Where the records hold the string "zero", show the whole line it sits on.

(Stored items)
•••••

lemma mult_diag_of_index:
  assumes "Y \<in> carrier_mat k d" "i < k" "j < d"
  shows "(Y * diag_of d f) $$ (i,j) = Y $$ (i,j) * f j"
proof -
  have "(Y * diag_of d f) $$ (i,j) = (\<Sum>l<d. Y $$ (i,l) * (if l = j then f j else 0))"
    using assms unfolding diag_of_def by (auto simp: scalar_prod_def lessThan_atLeast0 intro!: sum.cong)
  also have "\<dots> = Y $$ (i,j) * f j"
    using assms by (subst sum_eq_single[of _ j]) auto
  finally show ?thesis .
qed

lemma col_eigenvector_of_mult_diag:
  assumes A: "A \<in> carrier_mat n n" and W: "W \<in> carrier_mat n n"
    and AW: "A * W = W * diag_of n f" and j: "j < n"
  shows "A *\<^sub>v col W j = f j \<cdot>\<^sub>v col W j"
proof -
  have "A *\<^sub>v col W j = col (W * diag_of n f) j"
    using col_mult2[OF A W j] AW by simp
  also have "\<dots> = f j \<cdot>\<^sub>v col W j"
  proof (rule eq_vecI)
    fix i assume "i < dim_vec (f j \<cdot>\<^sub>v col W j)"
    then have i: "i < n" using W by simp
    have "col (W * diag_of n f) j $ i = (W * diag_of n f) $$ (i,j)"
      using W i j by (subst index_col) auto
    also have "\<dots> = W $$ (i,j) * f j"
      by (rule mult_diag_of_index[OF W i j])
    finally show "col (W * diag_of n f) j $ i = (f j \<cdot>\<^sub>v col W j) $ i"
      using W i j by simp
  qed (use W in simp)
  finally show ?thesis .
qed

lemma col_neq_0_of_left_inverse:
  fixes L A :: "real mat"
  assumes L: "L \<in> carrier_mat n n" and A: "A \<in> carrier_mat n n" and LA: "L * A = 1\<^sub>m n"
    and j: "j < n"
  shows "col A j \<noteq> 0\<^sub>v n"
proof
  assume "col A j = 0\<^sub>v n"
  moreover have "L *\<^sub>v 0\<^sub>v n = 0\<^sub>v n"
    using L by (intro eq_vecI) auto
  ultimately have "col (L * A) j = 0\<^sub>v n"
    using col_mult2[OF L A j] by simp
  moreover have "col (L * A) j $ j = 1"
    using LA j by simp
  ultimately show False
    using j by simp
qed

definition lower_triangular :: "'a::zero mat \<Rightarrow> bool" where
  "lower_triangular A \<longleftrightarrow> (\<forall>i<dim_row A. \<forall>j<dim_col A. i < j \<longrightarrow> A $$ (i,j) = 0)"

definition strictly_lower_triangular :: "'a::zero mat \<Rightarrow> bool" where
  "strictly_lower_triangular A \<longleftrightarrow> (\<forall>i<dim_row A. \<forall>j<dim_col A. i \<le> j \<longrightarrow> A $$ (i,j) = 0)"

lemma lower_triangular_eigenvalue_at_leading_entry:
  fixes B :: "real mat"
  assumes B: "B \<in> carrier_mat n n" and low: "lower_triangular B"
    and w: "w \<in> carrier_vec n" and eig: "B *\<^sub>v w = \<mu> \<cdot>\<^sub>v w"
    and f: "f < n" "w $ f \<noteq> 0" and before: "\<And>k. k < f \<Longrightarrow> w $ k = 0"
  shows "B $$ (f,f) = \<mu>"
proof -
  have "\<mu> * w $ f = (\<Sum>k<n. B $$ (f,k) * w $ k)"
    using arg_cong[OF eig, of "\<lambda>v. v $ f"] B w f by (simp add: scalar_prod_def lessThan_atLeast0)
  also have "\<dots> = B $$ (f,f) * w $ f"
  proof (rule sum_eq_single)
    fix k assume "k \<in> {..<n}" "k \<noteq> f"
    then show "B $$ (f,k) * w $ k = 0"
      using B low f before unfolding lower_triangular_def by (cases "k < f") auto
  qed (use f in auto)
  finally show ?thesis using f by simp
qed

lemma upper_triangular_eigenvalue_at_trailing_entry:
  fixes B :: "real mat"
  assumes B: "B \<in> carrier_mat n n" and up: "upper_triangular B"
    and w: "w \<in> carrier_vec n" and eig: "B *\<^sub>v w = \<mu> \<cdot>\<^sub>v w"
    and g: "g < n" "w $ g \<noteq> 0" and after: "\<And>k. g < k \<Longrightarrow> k < n \<Longrightarrow> w $ k = 0"
  shows "B $$ (g,g) = \<mu>"
proof -
  have "\<mu> * w $ g = (\<Sum>k<n. B $$ (g,k) * w $ k)"
    using arg_cong[OF eig, of "\<lambda>v. v $ g"] B w g by (simp add: scalar_prod_def lessThan_atLeast0)
  also have "\<dots> = B $$ (g,g) * w $ g"
  proof (rule sum_eq_single)
    fix k assume "k \<in> {..<n}" "k \<noteq> g"
    then show "B $$ (g,k) * w $ k = 0"
      using B up g after by (cases "k < g") (auto dest: upper_triangularD)
  qed (use g in auto)
  finally show ?thesis using g by simp
qed

lemma vec_neq_0_entry:
  assumes "v \<in> carrier_vec n" "v \<noteq> 0\<^sub>v n"
  obtains k where "k < n" "v $ k \<noteq> 0"
proof -
  have "\<exists>k<n. v $ k \<noteq> 0"
  proof (rule ccontr)
    assume "\<not> (\<exists>k<n. v $ k \<noteq> 0)"
    then have "v = 0\<^sub>v n" using assms(1) by (intro eq_vecI) auto
    with assms(2) show False ..
  qed
  then show ?thesis using that by blast
qed

lemma leading_entry_exists:
  assumes "v \<in> carrier_vec n" "v \<noteq> 0\<^sub>v n"
  shows "\<exists>f<n. v $ f \<noteq> 0 \<and> (\<forall>k<f. v $ k = 0)"
proof -
  obtain k where k: "k < n" "v $ k \<noteq> 0" using vec_neq_0_entry[OF assms] .
  define f where "f = (LEAST k. v $ k \<noteq> 0)"
  have "v $ f \<noteq> 0" "f \<le> k"
    using k LeastI[of "\<lambda>k. v $ k \<noteq> 0" k] Least_le[of "\<lambda>k. v $ k \<noteq> 0" k] unfolding f_def by auto
  moreover have "\<forall>l<f. v $ l = 0" unfolding f_def using not_less_Least by blast
  ultimately show ?thesis using k by (intro exI[of _ f]) auto
qed

lemma trailing_entry_exists:
  assumes "v \<in> carrier_vec n" "v \<noteq> 0\<^sub>v n"
  shows "\<exists>g<n. v $ g \<noteq> 0 \<and> (\<forall>k. g < k \<longrightarrow> k < n \<longrightarrow> v $ k = 0)"
proof -
  define G where "G = {k. k < n \<and> v $ k \<noteq> 0}"
  have fin: "finite G" by (simp add: G_def)
  obtain k where "k < n" "v $ k \<noteq> 0" using vec_neq_0_entry[OF assms] .
  then have "G \<noteq> {}" by (auto simp: G_def)
  then have "Max G \<in> G" using Max_in[OF fin] by blast
  then have g: "Max G < n" "v $ Max G \<noteq> 0" by (simp_all add: G_def)
  have "v $ k = 0" if "Max G < k" "k < n" for k
  proof (rule ccontr)
    assume "v $ k \<noteq> 0"
    then have "k \<in> G" using that by (simp add: G_def)
    then have "k \<le> Max G" by (rule Max_ge[OF fin])
    then show False using that by simp
  qed
  then show ?thesis using g by blast
qed

lemma scalar_prod_strictly_lower_eq_0:
  assumes X: "X \<in> carrier_mat n n" "strictly_lower_triangular X"
    and v: "v \<in> carrier_vec n" and w: "w \<in> carrier_vec n"
    and "\<And>a. g < a \<Longrightarrow> a < n \<Longrightarrow> v $ a = 0" and "\<And>b. b < g \<Longrightarrow> w $ b = 0"
  shows "v \<bullet> (X *\<^sub>v w) = 0"
proof -
  have "v \<bullet> (X *\<^sub>v w) = (\<Sum>a<n. \<Sum>b<n. v $ a * (X $$ (a,b) * w $ b))"
    using X v w by (simp add: scalar_prod_def lessThan_atLeast0 sum_distrib_left)
  also have "\<dots> = 0"
  proof (intro sum.neutral ballI)
    fix a b assume "a \<in> {..<n}" "b \<in> {..<n}"
    then show "v $ a * (X $$ (a,b) * w $ b) = 0"
      using assms unfolding strictly_lower_triangular_def
      by (cases "g < a"; cases "b < g") auto
  qed
  finally show ?thesis .
qed

lemma conj_eq_of_mult_eq:
  fixes B W Wi D :: "real mat"
  assumes B: "B \<in> carrier_mat n n" and W: "W \<in> carrier_mat n n" and Wi: "Wi \<in> carrier_mat n n"
    and D: "D \<in> carrier_mat n n"
    and WiW: "Wi * W = 1\<^sub>m n" and WWi: "W * Wi = 1\<^sub>m n" and BW: "B * W = W * D"
  shows "Wi * B = D * Wi"
proof -
  have "Wi * B = Wi * ((B * W) * Wi)"
    using B WWi by (simp add: assoc_mult_mat[OF B W Wi])
  also have "\<dots> = (Wi * W) * D * Wi"
    unfolding BW using W Wi D by (simp add: assoc_mult_mat[of _ n n _ n _ n])
  also have "\<dots> = D * Wi"
    using D Wi WiW by simp
  finally show ?thesis .
qed

lemma joint_eigenvalues_at_leading_entries:
  fixes B :: "nat \<Rightarrow> real mat" and \<Lambda> :: "nat \<Rightarrow> nat \<Rightarrow> real"
  assumes W: "W \<in> carrier_mat d d" and Wi: "Wi \<in> carrier_mat d d" and WiW: "Wi * W = 1\<^sub>m d"
    and B: "\<And>n. n \<in> S \<Longrightarrow> B n \<in> carrier_mat d d"
    and low: "\<And>n. n \<in> S \<Longrightarrow> lower_triangular (B n)"
    and eig: "\<And>n. n \<in> S \<Longrightarrow> B n * W = W * diag_of d (\<Lambda> n)"
    and sep: "\<And>i j. i < d \<Longrightarrow> j < d \<Longrightarrow> i \<noteq> j \<Longrightarrow> \<exists>n\<in>S. \<Lambda> n i \<noteq> \<Lambda> n j"
  obtains first where "\<And>j. j < d \<Longrightarrow> first j < d" "\<And>j k. j < d \<Longrightarrow> k < first j \<Longrightarrow> col W j $ k = 0"
    "\<And>n j. n \<in> S \<Longrightarrow> j < d \<Longrightarrow> B n $$ (first j, first j) = \<Lambda> n j" "first ` {..<d} = {..<d}"
proof -
  obtain first where first: "\<And>j. j < d \<Longrightarrow> first j < d" "\<And>j. j < d \<Longrightarrow> col W j $ first j \<noteq> 0"
    "\<And>j k. j < d \<Longrightarrow> k < first j \<Longrightarrow> col W j $ k = 0"
  proof -
    have "\<exists>f<d. col W j $ f \<noteq> 0 \<and> (\<forall>k<f. col W j $ k = 0)" if j: "j < d" for j
      using leading_entry_exists[OF col_carrier_vec[OF j W] col_neq_0_of_left_inverse[OF Wi W WiW j]] .
    then show ?thesis using that by metis
  qed
  have first_eigenvalue: "B n $$ (first j, first j) = \<Lambda> n j" if n: "n \<in> S" and j: "j < d" for n j
    by (rule lower_triangular_eigenvalue_at_leading_entry[OF B[OF n] low[OF n] col_carrier_vec[OF j W]
          col_eigenvector_of_mult_diag[OF B[OF n] W eig[OF n] j] first(1)[OF j] first(2)[OF j] first(3)[OF j]])
  have "inj_on first {..<d}"
    by (rule inj_onI) (metis first_eigenvalue sep lessThan_iff)
  then have "first ` {..<d} = {..<d}"
    using first(1) by (intro endo_inj_surj) auto
  with first(1,3) first_eigenvalue show ?thesis
    by (rule that)
qed

lemma joint_eigenvalue_at_trailing_entry:
  fixes B :: "nat \<Rightarrow> real mat" and \<Lambda> :: "nat \<Rightarrow> nat \<Rightarrow> real"
  assumes W: "W \<in> carrier_mat d d" and Wi: "Wi \<in> carrier_mat d d"
    and WiW: "Wi * W = 1\<^sub>m d" and WWi: "W * Wi = 1\<^sub>m d"
    and B: "\<And>n. n \<in> S \<Longrightarrow> B n \<in> carrier_mat d d"
    and low: "\<And>n. n \<in> S \<Longrightarrow> lower_triangular (B n)"
    and eig: "\<And>n. n \<in> S \<Longrightarrow> B n * W = W * diag_of d (\<Lambda> n)"
    and i: "i < d"
  obtains g where "g < d" "\<And>k. g < k \<Longrightarrow> k < d \<Longrightarrow> row Wi i $ k = 0"
    "\<And>n. n \<in> S \<Longrightarrow> B n $$ (g,g) = \<Lambda> n i"
proof -
  have WiT: "transpose_mat W \<in> carrier_mat d d" "transpose_mat Wi \<in> carrier_mat d d"
    "transpose_mat W * transpose_mat Wi = 1\<^sub>m d"
    using Wi W WiW transpose_mult[OF Wi W] by auto
  define v where "v = col (transpose_mat Wi) i"
  have v: "v = row Wi i"
    using Wi i by (simp add: v_def col_transpose)
  have "v \<in> carrier_vec d" "v \<noteq> 0\<^sub>v d"
    unfolding v_def using col_carrier_vec[OF i WiT(2)] col_neq_0_of_left_inverse[OF WiT i] by auto
  then obtain g where g: "g < d" "v $ g \<noteq> 0" "\<And>k. g < k \<Longrightarrow> k < d \<Longrightarrow> v $ k = 0"
    using trailing_entry_exists by blast
  have "B n $$ (g,g) = \<Lambda> n i" if n: "n \<in> S" for n
  proof -
    have "transpose_mat (B n) * transpose_mat Wi = transpose_mat Wi * diag_of d (\<Lambda> n)"
      using conj_eq_of_mult_eq[OF B[OF n] W Wi _ WiW WWi eig[OF n]] B[OF n] Wi
      by (metis diag_of_carrier transpose_diag_of transpose_mult)
    moreover have "upper_triangular (transpose_mat (B n))"
      using low[OF n] B[OF n] unfolding lower_triangular_def by auto
    ultimately have "transpose_mat (B n) $$ (g,g) = \<Lambda> n i"
      using upper_triangular_eigenvalue_at_trailing_entry[OF _ _ _
          col_eigenvector_of_mult_diag[OF _ WiT(2) _ i] g[unfolded v_def]] B[OF n] i WiT(2)
      by simp
    then show ?thesis using B[OF n] g by simp
  qed
  with g(1,3) show ?thesis
    unfolding v by (rule that)
qed

text \<open>
  The leading entry of the \<open>i\<close>-th column of \<open>W\<close> and the trailing entry of the \<open>i\<close>-th row of
  \<open>W\<^sup>-\<^sup>1\<close> both sit at a diagonal position of the \<open>B n\<close> carrying the joint eigenvalue \<open>\<Lambda> \<cdot> i\<close>.
  Joint eigenvalues are pairwise distinct, so the two positions coincide, and a strictly lower
  triangular \<open>X\<close> cannot connect the support of that row to the support of that column.
\<close>
lemma diag_conj_strictly_lower_eq_0:
  fixes B :: "nat \<Rightarrow> real mat" and \<Lambda> :: "nat \<Rightarrow> nat \<Rightarrow> real"
  assumes W: "W \<in> carrier_mat d d" and Wi: "Wi \<in> carrier_mat d d"
    and WiW: "Wi * W = 1\<^sub>m d" and WWi: "W * Wi = 1\<^sub>m d"
    and B: "\<And>n. n \<in> S \<Longrightarrow> B n \<in> carrier_mat d d"
    and low: "\<And>n. n \<in> S \<Longrightarrow> lower_triangular (B n)"
    and eig: "\<And>n. n \<in> S \<Longrightarrow> B n * W = W * diag_of d (\<Lambda> n)"
    and sep: "\<And>i j. i < d \<Longrightarrow> j < d \<Longrightarrow> i \<noteq> j \<Longrightarrow> \<exists>n\<in>S. \<Lambda> n i \<noteq> \<Lambda> n j"
    and X: "X \<in> carrier_mat d d" "strictly_lower_triangular X"
    and i: "i < d"
  shows "(Wi * X * W) $$ (i,i) = 0"
proof -
  obtain first where first: "\<And>j. j < d \<Longrightarrow> first j < d" "\<And>j k. j < d \<Longrightarrow> k < first j \<Longrightarrow> col W j $ k = 0"
    "\<And>n j. n \<in> S \<Longrightarrow> j < d \<Longrightarrow> B n $$ (first j, first j) = \<Lambda> n j" "first ` {..<d} = {..<d}"
    by (rule joint_eigenvalues_at_leading_entries[OF W Wi WiW B low eig sep]) (assumption | rule that)+
  obtain g where g: "g < d" "\<And>k. g < k \<Longrightarrow> k < d \<Longrightarrow> row Wi i $ k = 0"
    "\<And>n. n \<in> S \<Longrightarrow> B n $$ (g,g) = \<Lambda> n i"
    by (rule joint_eigenvalue_at_trailing_entry[OF W Wi WiW WWi B low eig i]) (assumption | rule that)+
  obtain j where j: "j < d" "g = first j"
    using first(4) g(1) by (metis imageE lessThan_iff)
  have "j = i"
  proof (rule ccontr)
    assume "j \<noteq> i"
    then obtain n where "n \<in> S" "\<Lambda> n i \<noteq> \<Lambda> n j"
      using sep[OF i j(1)] by auto
    then show False
      using first(3)[OF _ j(1)] g(3) j(2) by simp
  qed
  then have "g = first i" using j by simp
  then have "row Wi i \<bullet> (X *\<^sub>v col W i) = 0"
    using first(2)[OF i] by (intro scalar_prod_strictly_lower_eq_0[OF X row_carrier_vec[OF i Wi]
        col_carrier_vec[OF i W] g(2)]) auto
  moreover have "(Wi * X * W) $$ (i,i) = row Wi i \<bullet> col (X * W) i"
    using Wi X W i by (simp add: assoc_mult_mat[OF Wi X(1) W])
  ultimately show ?thesis
    using col_mult2[OF X(1) W i] by simp
qed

•••••

Problem solution
definition lower_triangular :: "'a::zero mat \<Rightarrow> bool" where
definition strictly_lower_triangular :: "'a::zero mat \<Rightarrow> bool" where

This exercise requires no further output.